New Canadian Think Tank With Unfortunate Name

16 03 2010

A newly-established cheap website think tank, the Macdonald-Laurier Institute, has proposed that the government set aside funds so that every Aboriginal child can go to university. This sounds like a good idea to me. However, the Institute needs to find a far better name. Since 1945, Canada has repudiated pretty much everything Sir John A. Macdonald stood for: the British Empire, unthinking anti-Americanism, hanging Riel, the Chinese Head Tax, Native residential schools, protectionist tariffs, extreme centralization, and spending on grandiose nation-building public works. (Would the Institute support a trans-continental high-speed train? How about giving the federal government the right to veto all provincial statutes?) Adding Laurier to the name of the institute is also unfortunate, although less so. If Laurier stood for anything at all, it was political expediency. Even by that standard, he was less effective than his protégé Mackenzie King. Laurier’s many compromises (between French and English, Catholics and Protestants, protectionists and free traders, racists and anti-racists, imperialists and Canadian nationalists) were ultimately less successful than the similar compromises made by King, who held power for longer. If the Institute wants to be a credible force in the fields of Native, immigration, and economic policy (some of the topics listed on its website), it will need to skim search the Canadian historical record again for a more appropriate name. Macdonald and Laurier were extremely partisan figures, the former calling the latter a traitor during the 1891 election campaign. Are they really suitable role models for today’s politicians?

This Institute may end up doing some useful work (although the fact it has a mediocre website, no physical address, and no university affiliation doesn’t augur well). However, it really needs to dump the existing name. The people who set up this Institute probably know very little about Macdonald and Laurier. If they did, they wouldn’t have chosen this name. The name choice suggests either historical ignorance or a really reactionary mentality. (I believe the former is more probable, because we are in Canada).  The Institute’s website shows the modern Canadian flag as well as the  Canadian Red Ensign is use in the late 1950s and early 1960s. The creators of the website should be aware that the Canadian Red Ensign has appropriated by white supremacist/ neo-Nazi organizations in Canada. Check out the website of the “white nationalist” immigration reform organization Canada First, although don’t do so at work!

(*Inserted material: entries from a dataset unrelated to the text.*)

(* Let $A$ be a $B$-algebra with a $B$-linear double bracket, $B=\bigoplus_{s\in I}\Bbbk e_s$, and let $e_1,e_2$ be two distinct idempotents of the family. Let $A_1=A^f_{e_2\to e_1}$ and $A_2=A^f_{e_1\to e_2}$ with their induced double brackets, and let $\pi_k:A\to A_k$ ($k=1,2$) be the maps $a\mapsto a^f$. Then there exists an isomorphism of algebras $\phi:A_1\to A_2$ with $\phi\circ\pi_1=\pi_2$ which is an isomorphism of double brackets, i.e. $\{\!\{\phi(a),\phi(b)\}\!\}_{A_2}=(\phi\otimes\phi)\{\!\{a,b\}\!\}_{A_1}$ for all $a,b\in A_1$.
   Context: $\Bbbk$ field of characteristic $0$; algebras associative, unital, finitely generated; $B=\bigoplus_{s\in I}\Bbbk e_s$ with orthogonal idempotents summing to $1$. Sweedler notation $d=d'\otimes d''$, $(d'\otimes d'')^\circ=d''\otimes d'$, outer bimodule $a(d'\otimes d'')b=ad'\otimes d''b$. A $B$-linear double bracket: bilinear $\{\!\{-,-\}\!\}:A\times A\to A\otimes A$ with $\{\!\{a,b\}\!\}=-\{\!\{b,a\}\!\}^\circ$, $\{\!\{a,bc\}\!\}=\{\!\{a,b\}\!\}c+b\{\!\{a,c\}\!\}$, zero if an argument lies in $B$. Fusion of $e_j$ onto $e_i$ ($i\ne j$): $\hat e=1-e_i-e_j$, $\bar A=A*_{\Bbbk e_i\oplus\Bbbk e_j\oplus\Bbbk\hat e}(\mathrm{Mat}_2(\Bbbk)\oplus\Bbbk\hat e)$ where $\mathrm{Mat}_2(\Bbbk)$ has matrix units $e_{ii}=e_i,e_{ij},e_{ji},e_{jj}=e_j$; $A^f_{e_j\to e_i}=\epsilon\bar A\epsilon$ with $\epsilon=1-e_j$, an algebra over $\bigoplus_{s\ne j}\Bbbk e_s$; $a^f=\epsilon a\epsilon+e_{ij}ae_{ji}+e_{ij}a\epsilon+\epsilon ae_{ji}$. $A^f$ is generated by elements $e_aaf_a$ with $a\in A$, $e_a\in\{\epsilon,e_{ij}\}$, $f_a\in\{\epsilon,e_{ji}\}$ of the forms $t$ ($t\in\epsilon A\epsilon$), $e_{ij}u$ ($u\in e_jA\epsilon$), $ve_{ji}$ ($v\in\epsilon Ae_j$), $e_{ij}we_{ji}$ ($w\in e_jAe_j$); the induced double bracket on $A^f$ is determined by $\{\!\{e_aaf_a,e_bbf_b\}\!\}=e_b\{\!\{a,b\}\!\}'f_a\otimes e_a\{\!\{a,b\}\!\}''f_b$. *)

theory Defs
  imports Main "HOL-Library.Poly_Mapping"
begin

record ('k, 'a) kalg =
  car  :: "'a set"
  add  :: "'a \<Rightarrow> 'a \<Rightarrow> 'a"
  neg  :: "'a \<Rightarrow> 'a"
  zer  :: 'a
  mul  :: "'a \<Rightarrow> 'a \<Rightarrow> 'a"
  one  :: 'a
  smul :: "'k \<Rightarrow> 'a \<Rightarrow> 'a"

definition sub :: "('k, 'a) kalg \<Rightarrow> 'a \<Rightarrow> 'a \<Rightarrow> 'a" where
  "sub K x y = add K x (neg K y)"

definition is_kalg :: "('k::field, 'a) kalg \<Rightarrow> bool" where
  "is_kalg K \<longleftrightarrow>
    zer K \<in> car K \<and> one K \<in> car K \<and>
    (\<forall>x\<in>car K. \<forall>y\<in>car K. add K x y \<in> car K \<and> mul K x y \<in> car K) \<and>
    (\<forall>x\<in>car K. neg K x \<in> car K) \<and>
    (\<forall>c. \<forall>x\<in>car K. smul K c x \<in> car K) \<and>
    (\<forall>x\<in>car K. \<forall>y\<in>car K. \<forall>z\<in>car K.
        add K (add K x y) z = add K x (add K y z) \<and>
        mul K (mul K x y) z = mul K x (mul K y z) \<and>
        mul K x (add K y z) = add K (mul K x y) (mul K x z) \<and>
        mul K (add K x y) z = add K (mul K x z) (mul K y z)) \<and>
    (\<forall>x\<in>car K. \<forall>y\<in>car K. add K x y = add K y x) \<and>
    (\<forall>x\<in>car K. add K x (zer K) = x \<and> add K x (neg K x) = zer K \<and>
                 mul K (one K) x = x \<and> mul K x (one K) = x) \<and>
    (\<forall>c d. \<forall>x\<in>car K. \<forall>y\<in>car K.
        smul K c (add K x y) = add K (smul K c x) (smul K c y) \<and>
        smul K (c + d) x = add K (smul K c x) (smul K d x) \<and>
        smul K (c * d) x = smul K c (smul K d x) \<and>
        smul K 1 x = x \<and>
        mul K (smul K c x) y = smul K c (mul K x y) \<and>
        mul K x (smul K c y) = smul K c (mul K x y))"

inductive_set gen_subalg :: "('k, 'a) kalg \<Rightarrow> 'a set \<Rightarrow> 'a set" for K G where
  gen: "x \<in> G \<Longrightarrow> x \<in> gen_subalg K G"
| one: "one K \<in> gen_subalg K G"
| add: "x \<in> gen_subalg K G \<Longrightarrow> y \<in> gen_subalg K G \<Longrightarrow> add K x y \<in> gen_subalg K G"
| mul: "x \<in> gen_subalg K G \<Longrightarrow> y \<in> gen_subalg K G \<Longrightarrow> mul K x y \<in> gen_subalg K G"
| smul: "x \<in> gen_subalg K G \<Longrightarrow> smul K c x \<in> gen_subalg K G"

definition fin_gen :: "('k, 'a) kalg \<Rightarrow> bool" where
  "fin_gen K \<longleftrightarrow> (\<exists>G. finite G \<and> G \<subseteq> car K \<and> gen_subalg K G = car K)"

definition lincomb :: "('k, 'a) kalg \<Rightarrow> ('i \<Rightarrow> 'a) \<Rightarrow> ('i \<Rightarrow> 'k) \<Rightarrow> 'i list \<Rightarrow> 'a" where
  "lincomb K e c I = foldr (\<lambda>s acc. add K (smul K (c s) (e s)) acc) I (zer K)"

definition kspan :: "('k, 'a) kalg \<Rightarrow> ('i \<Rightarrow> 'a) \<Rightarrow> 'i list \<Rightarrow> 'a set" where
  "kspan K e I = {lincomb K e c I | c. True}"

text \<open>K is a B-algebra for B = direct sum of k e_s (s in I), with e_s orthogonal
  idempotents summing to 1 (the index set is the finite set of the distinct list I).\<close>
definition B_algebra :: "('k::field, 'a) kalg \<Rightarrow> ('i \<Rightarrow> 'a) \<Rightarrow> 'i list \<Rightarrow> bool" where
  "B_algebra K e I \<longleftrightarrow> is_kalg K \<and> distinct I \<and> (\<forall>s\<in>set I. e s \<in> car K) \<and>
     (\<forall>s\<in>set I. \<forall>t\<in>set I. mul K (e s) (e t) = (if s = t then e s else zer K)) \<and>
     lincomb K e (\<lambda>_. 1) I = one K \<and>
     (\<forall>c. lincomb K e c I = zer K \<longrightarrow> (\<forall>s\<in>set I. c s = 0))"

text \<open>A tensor is represented by a finite list of pairs [(x1,y1),...] meaning
  the sum of the xi \<otimes> yi; tens_eq is the congruence whose quotient is K \<otimes>_k K.\<close>
inductive tens_eq :: "('k, 'a) kalg \<Rightarrow> ('a \<times> 'a) list \<Rightarrow> ('a \<times> 'a) list \<Rightarrow> bool" for K where
  refl: "tens_eq K t t"
| sym: "tens_eq K t u \<Longrightarrow> tens_eq K u t"
| trans: "tens_eq K t u \<Longrightarrow> tens_eq K u v \<Longrightarrow> tens_eq K t v"
| app: "tens_eq K t t' \<Longrightarrow> tens_eq K u u' \<Longrightarrow> tens_eq K (t @ u) (t' @ u')"
| swap: "tens_eq K (t @ u) (u @ t)"
| addl: "x \<in> car K \<Longrightarrow> x' \<in> car K \<Longrightarrow> y \<in> car K \<Longrightarrow>
          tens_eq K [(add K x x', y)] [(x, y), (x', y)]"
| addr: "x \<in> car K \<Longrightarrow> y \<in> car K \<Longrightarrow> y' \<in> car K \<Longrightarrow>
          tens_eq K [(x, add K y y')] [(x, y), (x, y')]"
| scal: "x \<in> car K \<Longrightarrow> y \<in> car K \<Longrightarrow> tens_eq K [(smul K c x, y)] [(x, smul K c y)]"
| zero: "y \<in> car K \<Longrightarrow> tens_eq K [] [(zer K, y)]"

definition tlmul :: "('k, 'a) kalg \<Rightarrow> 'a \<Rightarrow> ('a \<times> 'a) list \<Rightarrow> ('a \<times> 'a) list" where
  "tlmul K a t = map (\<lambda>(p, q). (mul K a p, q)) t"

definition trmul :: "('k, 'a) kalg \<Rightarrow> ('a \<times> 'a) list \<Rightarrow> 'a \<Rightarrow> ('a \<times> 'a) list" where
  "trmul K t b = map (\<lambda>(p, q). (p, mul K q b)) t"

definition tswap :: "('a \<times> 'a) list \<Rightarrow> ('a \<times> 'a) list" where
  "tswap t = map (\<lambda>(p, q). (q, p)) t"

definition tneg :: "('k, 'a) kalg \<Rightarrow> ('a \<times> 'a) list \<Rightarrow> ('a \<times> 'a) list" where
  "tneg K t = map (\<lambda>(p, q). (neg K p, q)) t"

definition tscal :: "('k, 'a) kalg \<Rightarrow> 'k \<Rightarrow> ('a \<times> 'a) list \<Rightarrow> ('a \<times> 'a) list" where
  "tscal K c t = map (\<lambda>(p, q). (smul K c p, q)) t"

definition tmap :: "('a \<Rightarrow> 'b) \<Rightarrow> ('a \<times> 'a) list \<Rightarrow> ('b \<times> 'b) list" where
  "tmap f t = map (\<lambda>(p, q). (f p, f q)) t"

definition dbl_bracket ::
  "('k::field, 'a) kalg \<Rightarrow> ('i \<Rightarrow> 'a) \<Rightarrow> 'i list \<Rightarrow> ('a \<Rightarrow> 'a \<Rightarrow> ('a \<times> 'a) list) \<Rightarrow> bool" where
  "dbl_bracket K e I br \<longleftrightarrow>
    (\<forall>x\<in>car K. \<forall>y\<in>car K. set (br x y) \<subseteq> car K \<times> car K) \<and>
    (\<forall>x\<in>car K. \<forall>y\<in>car K. \<forall>z\<in>car K.
        tens_eq K (br (add K x y) z) (br x z @ br y z) \<and>
        tens_eq K (br x (add K y z)) (br x y @ br x z)) \<and>
    (\<forall>c. \<forall>x\<in>car K. \<forall>y\<in>car K.
        tens_eq K (br (smul K c x) y) (tscal K c (br x y)) \<and>
        tens_eq K (br x (smul K c y)) (tscal K c (br x y))) \<and>
    (\<forall>x\<in>car K. \<forall>y\<in>car K. tens_eq K (br x y) (tneg K (tswap (br y x)))) \<and>
    (\<forall>x\<in>car K. \<forall>y\<in>car K. \<forall>z\<in>car K.
        tens_eq K (br x (mul K y z)) (trmul K (br x y) z @ tlmul K y (br x z))) \<and>
    (\<forall>b\<in>kspan K e I. \<forall>x\<in>car K. tens_eq K (br b x) [] \<and> tens_eq K (br x b) [])"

The Red Ensign, once the emblem of the Federal Govt, is now the symbol of those who want a return to the good old days in Canada.

Anyway, to someone with enough knowledge of Canadian history, the Red Ensign seems like a singularly inappropriate symbol for an Institute that has visible-minority and francophone directors.   Most of the people on the institute’s board have university degrees, so the fact they would want to identify themselves so closely with Macdonald and the Red Ensign is itself a sad statement the average Canadian’s level of historical knowledge. In the United States, you would never find an organization called the “Jefferson Davis Center for Racial Equality”. That’s because Americans who have made it out of high school know enough about their own history to realize such a name would be ridiculous. Sadly, Canadians get most of the historical information from watching US TV, so they know much less about their own country’s past leaders and symbols.

File this name in the department of the absurd. This is almost as amusing to me as Justin Trudeau’s oration at his father’s 2000 funeral, which began with the words  “Friends, Romans, and Countrymen”. (These were the opening words of the speech Shakespeare’s Mark Antony delivered at the funeral of Julius Caesar, who had been assassinated because he was in the process of establishing a dictatorship in Rome. Justin’s Father, a retired Canadian Prime Minister, had died of natural causes).